However, the vast majority of Alberta Conservative MPs are steering clear of the subject. Only a few of the Conservative MPs in the province responded to Globe interview requests last week, and were split in their reaction.

Mr. Storseth, the MP for the booming northeastern Alberta riding of Westlock-St. Paul, says the changes announced this month need to be reconsidered.

“I’ve asked for an exemption for Alberta until we can come up with more than just a closing of the program. We have to have solutions to this,” Mr. Storseth told The Globe and Mail.

The changes Ottawa announced on June 20 amount to a major overhaul of the program for low-wage jobs. Employers in regions where unemployment is above 6 per cent lose all access to the low-wage stream of the program. That effectively limits the program to Alberta, Saskatchewan and a few other regional pockets. Fees were also hiked and a new cap will be phased in to ensure that no more than 10 per cent of a workforce can be made up of TFWs.

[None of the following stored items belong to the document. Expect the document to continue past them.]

lemma sum_less_of_subset_peak_closure:
  assumes B: "finite B" "0 \<notin> B" and C: "C \<subseteq> peak_closure B" "\<forall>i\<in>C. Suc i \<notin> C" "C \<noteq> B"
  shows "\<Sum>C < \<Sum>B"
proof -
  define f where "f c = (if c \<in> B then c else Suc c)" for c
  have f_B: "f ` C \<subseteq> B"
    using C(1) by (auto simp: f_def peak_closure_def)
  have f_inj: "inj_on f C"
    using C(2) by (auto intro!: inj_onI simp: f_def split: if_splits)
  have fin: "finite C"
    using C(1) finite_peak_closure[OF B(1)] by (rule finite_subset)
  have le: "sum f C \<le> \<Sum>B"
  proof -
    have "sum f C = \<Sum>(f ` C)"
      by (simp add: sum.reindex[OF f_inj])
    also have "\<dots> \<le> \<Sum>B"
      using f_B B(1) by (intro sum_mono2) auto
    finally show ?thesis .
  qed
  show ?thesis
  proof (cases "C \<subseteq> B")
    case True
    then obtain b where b: "b \<in> B" "b \<notin> C" using C(3) by blast
    have "\<Sum>C \<le> \<Sum>(B - {b})"
      using True b B(1) by (intro sum_mono2) auto
    also have "\<dots> < \<Sum>B"
      using sum.remove[OF B(1) b(1), of id] b(1) B(2) by (cases b) auto
    finally show ?thesis .
  next
    case False
    then obtain c where "c \<in> C" "c \<notin> B" by blast
    then have "\<Sum>C < sum f C"
      using fin by (intro sum_strict_mono_ex1) (auto simp: f_def)
    then show ?thesis using le by simp
  qed
qed
lemma sum_stepsize_squared_window_le:
  "(\<Sum>s\<in>{s. s < t \<and> t < s + H}. (\<eta> s)\<^sup>2) \<le> real H * (4 * (\<eta> t)\<^sup>2)"
proof -
  have square: "(2 * x)\<^sup>2 = 4 * x\<^sup>2" for x :: real
    by (simp add: power2_eq_square)
  have "(\<Sum>s\<in>{s. s < t \<and> t < s + H}. (\<eta> s)\<^sup>2) \<le> (\<Sum>s\<in>{s. s < t \<and> t < s + H}. 4 * (\<eta> t)\<^sup>2)"
  proof (rule sum_mono)
    fix s assume "s \<in> {s. s < t \<and> t < s + H}"
    then have "(\<eta> s)\<^sup>2 \<le> (2 * \<eta> t)\<^sup>2"
      using stepsize_bounds(1)[of s] by (intro power_mono stepsize_le_twice) auto
    then show "(\<eta> s)\<^sup>2 \<le> 4 * (\<eta> t)\<^sup>2"
      by (simp only: square)
  qed
  also have "\<dots> = real (card {s. s < t \<and> t < s + H}) * (4 * (\<eta> t)\<^sup>2)"
    by (rule sum_constant)
  also have "\<dots> \<le> real H * (4 * (\<eta> t)\<^sup>2)"
  proof (rule mult_right_mono)
    have "card {s. s < t \<and> t < s + H} \<le> card {t - H..<t}"
      by (intro card_mono) auto
    then show "real (card {s. s < t \<and> t < s + H}) \<le> real H"
      by simp
  qed simp
  finally show ?thesis .
qed
(* Let $\mathbf{A}\in\mathbb{R}^{m_1\times n}$ ($m_1\ge1$), $\mathbf{b}\in\mathbb{R}^{m_1}$, $\mathbf{W}\in\mathbb{R}^{m_2\times n}$, $\mathbf{q}\in\mathbb{R}^{m_2}$, observations $\mathbf{x}^1,\dots,\mathbf{x}^K\in\mathbb{R}^n$ and a constant $M>0$. For an integer $p$ let $\mathbf{IL}(p)$ be the mixed-integer problem in variables $\mathbf{v}\in\{0,1\}^{m_1}$, $\mathbf{z}\in\mathbb{R}^n$, $\mathbf{E}=[\epsilon^1,\dots,\epsilon^K]$: $$\min\ \mathscr{D}(\mathbf{E},\mathbf{A})\ \text{ s.t. }\ \mathbf{b}\le\mathbf{A}\mathbf{z}\le\mathbf{b}+M(\mathbf{1}-\mathbf{v}),\ \mathbf{W}\mathbf{z}\ge\mathbf{q},\ \mathbf{z}=\mathbf{x}^k-\epsilon^k\ \forall k,\ \textstyle\sum_{j=1}^{m_1}v_j=p.$$ If $\mathbf{IL}(p_1)$ and $\mathbf{IL}(p_2)$ are feasible for $p_1,p_2\in\{1,\dots,m_1\}$ with $p_1\le p_2$, and $\mathscr{D}^*_{p_1},\mathscr{D}^*_{p_2}$ denote their optimal objective values, then $\mathscr{D}^*_{p_1}\le\mathscr{D}^*_{p_2}$.
   Context: Rows of $\mathbf{A}\mathbf{x}\ge\mathbf{b}$ are the relevant constraints; $\mathscr{D}\ge0$ is a user-chosen nonnegative distance measure on $\mathbf{E}$ and $\mathbf{A}$. $M$ is a big-M constant, taken sufficiently large that upper bounds $\mathbf{a}_j\mathbf{z}\le b_j+M$ are not restrictive on the feasible region $\{\mathbf{x}:\mathbf{A}\mathbf{x}\ge\mathbf{b},\mathbf{W}\mathbf{x}\ge\mathbf{q}\}$. *)

theory Defs
  imports "HOL-Analysis.Analysis"
begin

text \<open>Dimensions are type-indexed: 'n (variables), 'm1 (rows of A), 'm2 (rows of W),
  'k (observations x^1..x^K).  E is the n x K matrix whose k-th column is epsilon^k.\<close>

definition IL_feasible ::
  "real^'n::finite^'m1::finite \<Rightarrow> real^'m1 \<Rightarrow> real^'n^'m2::finite \<Rightarrow> real^'m2 \<Rightarrow> ('k::finite \<Rightarrow> real^'n) \<Rightarrow> real
   \<Rightarrow> nat \<Rightarrow> real^'m1 \<Rightarrow> real^'n \<Rightarrow> real^'k^'n \<Rightarrow> bool" where
  "IL_feasible A b W q x M p v z E \<longleftrightarrow>
     (\<forall>j. v $ j \<in> {0, 1}) \<and>
     (\<forall>j. b $ j \<le> (A *v z) $ j \<and> (A *v z) $ j \<le> b $ j + M * (1 - v $ j)) \<and>
     (\<forall>i. q $ i \<le> (W *v z) $ i) \<and>
     (\<forall>k. z = x k - column k E) \<and>
     (\<Sum>j\<in>UNIV. v $ j) = real p"

definition IL_is_feasible ::
  "real^'n::finite^'m1::finite \<Rightarrow> real^'m1 \<Rightarrow> real^'n^'m2::finite \<Rightarrow> real^'m2 \<Rightarrow> ('k::finite \<Rightarrow> real^'n) \<Rightarrow> real
   \<Rightarrow> nat \<Rightarrow> bool" where
  "IL_is_feasible A b W q x M p \<longleftrightarrow> (\<exists>v z E. IL_feasible A b W q x M p v z E)"

definition IL_opt ::
  "(real^'k^'n \<Rightarrow> real^'n^'m1 \<Rightarrow> real) \<Rightarrow>
   real^'n^'m1 \<Rightarrow> real^'m1 \<Rightarrow> real^'n^'m2::finite \<Rightarrow> real^'m2 \<Rightarrow> ('k::finite \<Rightarrow> real^'n) \<Rightarrow> real
   \<Rightarrow> nat \<Rightarrow> real" where
  "IL_opt D A b W q x M p = Inf {D E A | v z E. IL_feasible A b W q x M p v z E}"

end

theory Submission
  imports Defs
begin

text \<open>Switching off indicators of a feasible point of IL(p2) keeps it feasible, since a
  switched-off row only has to satisfy the non-restrictive bound b_j + M. So for p1 \<le> p2
  every objective value attained in IL(p2) is attained in IL(p1), and the infimum over the
  larger value set is smaller.\<close>

lemma sum_zero_one_vector_eq_card:
  fixes v :: "real^'m::finite"
  assumes "\<forall>j. v $ j \<in> {0, 1}"
  shows "(\<Sum>j\<in>UNIV. v $ j) = real (card {j. v $ j = 1})"
proof -
  have "(\<Sum>j\<in>UNIV. v $ j) = (\<Sum>j\<in>UNIV. if v $ j = 1 then 1 else 0)"
    by (rule sum.cong) (use assms in auto)
  also have "\<dots> = real (card {j. v $ j = 1})"
    by (simp add: sum.If_cases)
  finally show ?thesis .
qed

lemma IL_feasible_decrease_p:
  fixes v :: "real^'m::finite"
  assumes feas: "IL_feasible A b W q x M p2 v z E"
    and upper: "\<And>j. (A *v z) $ j \<le> b $ j + M"
    and "p1 \<le> p2"
  shows "\<exists>v'. IL_feasible A b W q x M p1 v' z E"
proof -
  let ?on = "{j. v $ j = 1}"
  have v01: "\<forall>j. v $ j \<in> {0, 1}" and upper_v: "\<forall>j. (A *v z) $ j \<le> b $ j + M * (1 - v $ j)"
    using feas by (auto simp: IL_feasible_def)
  have "card ?on = p2"
    using feas sum_zero_one_vector_eq_card[OF v01] by (simp add: IL_feasible_def)
  then obtain T where T: "T \<subseteq> ?on" "card T = p1"
    using obtain_subset_with_card_n \<open>p1 \<le> p2\<close> by metis
  define v' :: "real^'m" where "v' = (\<chi> j. if j \<in> T then 1 else 0)"
  have v'01: "\<forall>j. v' $ j \<in> {0, 1}"
    by (simp add: v'_def)
  have "{j. v' $ j = 1} = T"
    by (auto simp: v'_def)
  then have sum_v': "(\<Sum>j\<in>UNIV. v' $ j) = real p1"
    using sum_zero_one_vector_eq_card[OF v'01] T by simp
  have "(A *v z) $ j \<le> b $ j + M * (1 - v' $ j)" for j
  proof (cases "j \<in> T")
    case True
    then show ?thesis
      using T upper_v[rule_format, of j] by (auto simp: v'_def)
  next
    case False
    then show ?thesis
      using upper[of j] by (simp add: v'_def)
  qed
  then have "IL_feasible A b W q x M p1 v' z E"
    using feas v'01 sum_v' by (auto simp: IL_feasible_def)
  then show ?thesis ..
qed

theorem proposition5:
  fixes A :: "real^'n^'m1" and b :: "real^'m1" and W :: "real^'n^'m2" and q :: "real^'m2"
    and x :: "'k::finite \<Rightarrow> real^'n" and M :: real
    and D :: "real^'k^'n \<Rightarrow> real^'n^'m1 \<Rightarrow> real"
    and p1 p2 :: nat
  assumes D_nonneg: "\<And>E A'. 0 \<le> D E A'"
    and M_pos: "M > 0"
    and M_big: "\<And>z j. (\<forall>i. b $ i \<le> (A *v z) $ i) \<Longrightarrow> (\<forall>i. q $ i \<le> (W *v z) $ i)
                   \<Longrightarrow> (A *v z) $ j \<le> b $ j + M"
    and p1: "1 \<le> p1" and p12: "p1 \<le> p2" and p2: "p2 \<le> CARD('m1)"
    and feas1: "IL_is_feasible A b W q x M p1"
    and feas2: "IL_is_feasible A b W q x M p2"
  shows "IL_opt D A b W q x M p1 \<le> IL_opt D A b W q x M p2"
proof -
  let ?values = "\<lambda>p. {D E A | v z E. IL_feasible A b W q x M p v z E}"
  have "?values p2 \<noteq> {}"
    using feas2 by (auto simp: IL_is_feasible_def)
  moreover have "bdd_below (?values p1)"
    by (rule bdd_belowI[of _ 0]) (auto intro: D_nonneg)
  moreover have "?values p2 \<subseteq> ?values p1"
  proof clarify
    fix v z E
    assume feas: "IL_feasible A b W q x M p2 v z E"
    then have "(A *v z) $ j \<le> b $ j + M" for j
      by (intro M_big) (auto simp: IL_feasible_def)
    then show "\<exists>v' z' E'. D E A = D E' A \<and> IL_feasible A b W q x M p1 v' z' E'"
      using IL_feasible_decrease_p[OF feas _ p12] by blast
  qed
  ultimately show ?thesis
    unfolding IL_opt_def by (rule cInf_superset_mono)
qed

end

If the influx of TFWs is limited, Mr. Storseth called for the government to offer incentives through the Employment Insurance program, such as subsidizing moving costs, to convince Canadians from other provinces to move to Alberta. “One market-based solution is changes to the EI program, so we stop paying Canadians not to come to Alberta to work.… I think we need to look at providing incentives to people,” Mr. Storseth said.

Conservative MPs in Alberta are in the awkward position of having to defend federal policy changes that have become a lightning rod in the provincial Tory leadership race. All three candidates competing to become the next Progressive Conservative leader – and Alberta premier – accuse the federal Conservatives of unfairly punishing the province.

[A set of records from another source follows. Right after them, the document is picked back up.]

(* The sequences generated by iR2N.  At iteration k the (possibly refined) approximations
   used are fhat k and ghat k; scp k is the Cauchy-type step, s k the final step. *)
definition iR2N_run ::
  "real \<Rightarrow> real \<Rightarrow> real \<Rightarrow> real \<Rightarrow> real \<Rightarrow> real \<Rightarrow> real \<Rightarrow> real \<Rightarrow>
   (real^'n \<Rightarrow> ereal) \<Rightarrow> (real^'n \<Rightarrow> real^'n \<Rightarrow> ereal) \<Rightarrow>
   (nat \<Rightarrow> real^'n \<Rightarrow> real) \<Rightarrow> (nat \<Rightarrow> real^'n \<Rightarrow> real^'n) \<Rightarrow>
   (nat \<Rightarrow> real^'n^'n) \<Rightarrow> (nat \<Rightarrow> real) \<Rightarrow> (nat \<Rightarrow> real^'n) \<Rightarrow>
   (nat \<Rightarrow> real^'n) \<Rightarrow> (nat \<Rightarrow> real^'n) \<Rightarrow> bool" where
  "iR2N_run g3 g1 g2 eta1 eta2 th1 th2 smin h psi fhat ghat B sg x scp s \<longleftrightarrow>
     sg 0 \<ge> smin \<and>
     (\<forall>k. let fx = fhat k (x k); gx = ghat k (x k); psix = (\<lambda>w. psi w (x k));
             nu = th1 / (specnorm (B k) + sg k);
             rho = rho_hat (fhat k (x k)) (fhat k (x k + s k)) h (x k) fx gx (B k) psix (s k)
         in transpose (B k) = B k \<and>
            m_cp fx gx psix (1 / nu) (scp k) \<le> m_cp fx gx psix (1 / nu) 0 \<and>
            (s k = scp k \<or>
              (m_q fx gx (B k) psix (sg k) (s k) \<le> m_q fx gx (B k) psix (sg k) (scp k) \<and>
               norm (s k) \<le> th2 * norm (scp k))) \<and>
            x (Suc k) = (if rho \<ge> eta1 then x k + s k else x k) \<and>
            (\<exists>sig'. (if rho \<ge> eta2 then g3 * sg k \<le> sig' \<and> sig' \<le> sg k
                     else if rho \<ge> eta1 then sg k \<le> sig' \<and> sig' \<le> g1 * sg k
                     else g1 * sg k \<le> sig' \<and> sig' \<le> g2 * sg k) \<and>
                    sg (Suc k) = max sig' smin))"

Rob Anders, a Calgary MP, played down concerns with the program. “Constituents want more restrictions on the program. There are some business owners who want to keep it the way it is. The vast majority desire less temporary foreign workers,” he said in an e-mail. Alberta MP Kevin Sorenson sent a written statement saying he supported the changes.

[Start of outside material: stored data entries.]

lemma descent_len_le_volume: "ennreal (\<Sum>j<N. seg_len (descent_seg (Suc j))) \<le> volume G \<iota> S"
proof -
  define J where "J = {j. j < N \<and> walk j \<notin> bverts G}"
  have "(\<Sum>j<N. seg_len (descent_seg (Suc j))) = (\<Sum>j\<in>J. elen G (step_edge j))"
    by (rule sum.mono_neutral_cong_right) (auto simp: J_def seg_len_descent_seg_Suc)
  then have "ennreal (\<Sum>j<N. seg_len (descent_seg (Suc j))) = ennreal (\<Sum>j\<in>J. elen G (step_edge j))"
    by simp
  also have "\<dots> = (\<Sum>j\<in>J. ennreal (elen G (step_edge j)))"
    using metric_graph_elen_pos[OF graph step_edge_edges] by (simp add: less_imp_le)
  also have "\<dots> = (\<Sum>e\<in>step_edge ` J. ennreal (elen G e))"
    using inj_on_subset[OF inj_on_step_edge] by (simp add: sum.reindex J_def subset_iff)
  also have "\<dots> \<le> volume G \<iota> S"
    by (rule volume_ge_sum_elen)
      (use step_edge_interior_in_sublevel metric_graph_elen_pos[OF graph step_edge_edges] in
        \<open>auto simp: J_def step_edge_edges less_imp_le\<close>)
  finally show ?thesis .
qed

lemma summable_descent_seg_len: "summable (\<lambda>n. seg_len (descent_seg n))"
proof -
  have "(\<Sum>j<N. seg_len (descent_seg (Suc j))) \<le> enn2real (volume G \<iota> S)" for N
    using descent_len_le_volume[of N] finite_volume
    by (simp add: ennreal_le_iff[symmetric] del: ennreal_le_iff)
  then have "summable (\<lambda>n. seg_len (descent_seg (Suc n)))"
    by (intro summableI_nonneg_bounded) (simp_all add: seg_len_nonneg)
  then show ?thesis using summable_Suc_iff[of "\<lambda>n. seg_len (descent_seg n)"] by simp
qed

sublocale segment_chain G \<iota> M descent_seg
  using graph compl descent_seg_edge_seg summable_descent_seg_len seg_len_descent_seg_0
  by unfold_locales (simp_all add: seg_end_descent_seg seg_start_descent_seg_Suc)


lemma descent_seg_ends_below_level:
  "f (\<iota> (seg_start G (descent_seg n))) \<le> level" "f (\<iota> (seg_end G (descent_seg n))) \<le> level"
proof -
  show "f (\<iota> (seg_end G (descent_seg n))) \<le> level"
    using walk_below_level[of n] by (simp add: seg_end_descent_seg)
  show "f (\<iota> (seg_start G (descent_seg n))) \<le> level"
    using walk_below_level s0 by (cases n) (simp_all add: descent_seg_0 seg_start_descent_seg_Suc
      gpos_interior less_imp_le)
qed

lemma chain_path_below_level:
  assumes "s \<in> {0..<total_len}"
  shows "f (\<iota> (chain_path s)) \<le> level"
  unfolding chain_path_def
  by (rule order_trans[OF harmonic_seg_point_le_max[OF graph harm descent_seg_edge_seg seg_index_arc[OF assms]]])
    (simp add: descent_seg_ends_below_level)

lemma chain_limit_bdry: "chain_limit \<in> bdry G \<iota> M"
proof -
  have "chain_limit \<notin> \<iota> ` gint G"
  proof
    assume "chain_limit \<in> \<iota> ` gint G"
    then obtain y where y: "y \<in> gint G" "chain_limit = \<iota> y" by blast
    have "(\<lambda>n. \<iota> (GV (walk n))) \<longlonglongrightarrow> \<iota> y"
      using LIMSEQ_Suc[OF chain_limit(2)] y(2) by (simp add: seg_start_descent_seg_Suc)
    then have "eventually (\<lambda>n. GV (walk n) = y) sequentially"
      using vertex_seq_tendsto_eventually_eq[OF graph compl _ walk_verts] y(1)
      by (simp add: gint_def)
    then obtain N where "\<forall>n\<ge>N. GV (walk n) = y" unfolding eventually_sequentially by blast
    then have "GV (walk N) = y" "GV (walk (Suc N)) = y" by simp_all
    moreover have "walk N \<notin> bverts G" using y(1) \<open>GV (walk N) = y\<close> by (auto simp: gint_def)
    ultimately show False using step_edge(4)[of N] by simp
  qed
  then show ?thesis using chain_limit(1) by (simp add: bdry_def)
qed

lemma descent_path:
  "\<exists>\<gamma> L p. graph_path G \<gamma> L \<and> \<gamma> 0 = GE e0 s0 \<and> (\<forall>s\<in>{0..<L}. f (\<iota> (\<gamma> s)) \<le> level) \<and>
     p \<in> bdry G \<iota> M \<and> ((\<lambda>s. \<iota> (\<gamma> s)) \<longlongrightarrow> p) (at_left L)"
proof (intro exI[of _ chain_path] exI[of _ total_len] exI[of _ chain_limit] conjI)
  show "chain_path 0 = GE e0 s0"
    using s0 by (simp add: chain_path_0 descent_seg_0 gpos_interior)
qed (simp_all add: chain_path_graph_path chain_path_below_level chain_limit_bdry chain_path_tendsto)

end

theorem proposition3p11:
  fixes G :: "('v, 'e) mgraph"
    and \<iota> :: "('v, 'e) gpt \<Rightarrow> 'm::metric_space"
    and M :: "'m set"
    and f :: "'m \<Rightarrow> real"
    and E :: "'m set"
    and C \<epsilon> t :: real
  assumes graph: "metric_graph G"
    and compl: "is_completion G \<iota> M"
    and cpt: "compact M"
    and tdisc: "totally_disconnected (bdry G \<iota> M)"
    and E_clopen: "clopen_in (bdry G \<iota> M) E"
    and E_ne: "E \<noteq> {}"
    and Ec_ne: "bdry G \<iota> M - E \<noteq> {}"
    and harm: "harmonic G \<iota> M f"
    and C_nonneg: "C \<ge> 0"
    and f_E: "\<forall>x \<in> E. f x = C"
    and f_Ec: "\<forall>x \<in> bdry G \<iota> M - E. f x > C"
    and eps: "\<epsilon> > 0"
    and vol: "volume G \<iota> (nbhd M E \<epsilon>) < \<infinity>"
    and reg: "regular_value G \<iota> M f t"
    and t_lo: "C < t"
    and t_hi: "t < (INF x \<in> bdry G \<iota> M - E. f x)"
    and sub: "{x \<in> M. f x \<le> t} \<subseteq> nbhd M E \<epsilon>"
  shows "\<forall>x \<in> gpts G. f (\<iota> x) = t \<longrightarrow>
           (\<exists>\<gamma> L p. graph_path G \<gamma> L \<and> \<gamma> 0 = x \<and>
              (\<forall>s \<in> {0..<L}. f (\<iota> (\<gamma> s)) \<le> t) \<and>
              p \<in> bdry G \<iota> M \<and> ((\<lambda>s. \<iota> (\<gamma> s)) \<longlongrightarrow> p) (at_left L))"
proof (intro ballI impI)
  fix x assume x: "x \<in> gpts G" and fx: "f (\<iota> x) = t"
  obtain e0 s0 where x_eq: "x = GE e0 s0" and e0: "e0 \<in> edges G" "0 < s0" "s0 < elen G e0"
    and sloped: "f (\<iota> (GV (fst (ends G e0)))) \<noteq> f (\<iota> (GV (snd (ends G e0))))"
    using regular_level_point_on_sloped_edge[OF graph harm reg x fx] .
  interpret harmonic_descent G \<iota> M f e0 s0 "nbhd M E \<epsilon>"
    using graph compl harm e0 sloped vol sub fx x_eq by unfold_locales auto
  show "\<exists>\<gamma> L p. graph_path G \<gamma> L \<and> \<gamma> 0 = x \<and> (\<forall>s \<in> {0..<L}. f (\<iota> (\<gamma> s)) \<le> t) \<and>
      p \<in> bdry G \<iota> M \<and> ((\<lambda>s. \<iota> (\<gamma> s)) \<longlongrightarrow> p) (at_left L)"
    using descent_path fx x_eq by simp
qed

MP Rob Merrifield, who represents the western Alberta riding of Yellowhead, said labour crunches are a “major concern” but temporary labour is not the solution. He said the TFW program kept some wages artificially low, and hopes more permanent immigrants can instead meet the labour demand.

“Shortage of labour is a chronic concern in our riding. The issue is you can’t fix a permanent problem with a temporary solution,” he said.

Liberal Leader Justin Trudeau is among those hoping to capitalize on the pushback in Alberta.

The TFW program has “turned into one of the most anti-Alberta federal policies we’ve seen in decades,” Mr. Trudeau told Fort McMurray country station 93.3, during a blitz of interviews for a federal by-election.

Mr. Trudeau’s comments were immediately scorned by Mr. Kenney, himself a Calgary MP who noted Mr. Trudeau and his MPs voted two months ago in favour of an NDP motion calling for “an immediate moratorium” on the lower-skilled stream of the foreign worker program, a more extreme restriction than the Conservatives took.

Mr. Merrifield said the TFW changes will “dramatically” affect his riding, and said Mr. Kenney committed to monitoring the changes over the summer.

“We’re animals of habit and our comfort zone is what we’ve got,” Mr. Merrifield said. “So to move people away from a temporary program that they became rather dependent on to something else is going to take a little bit of pressure.”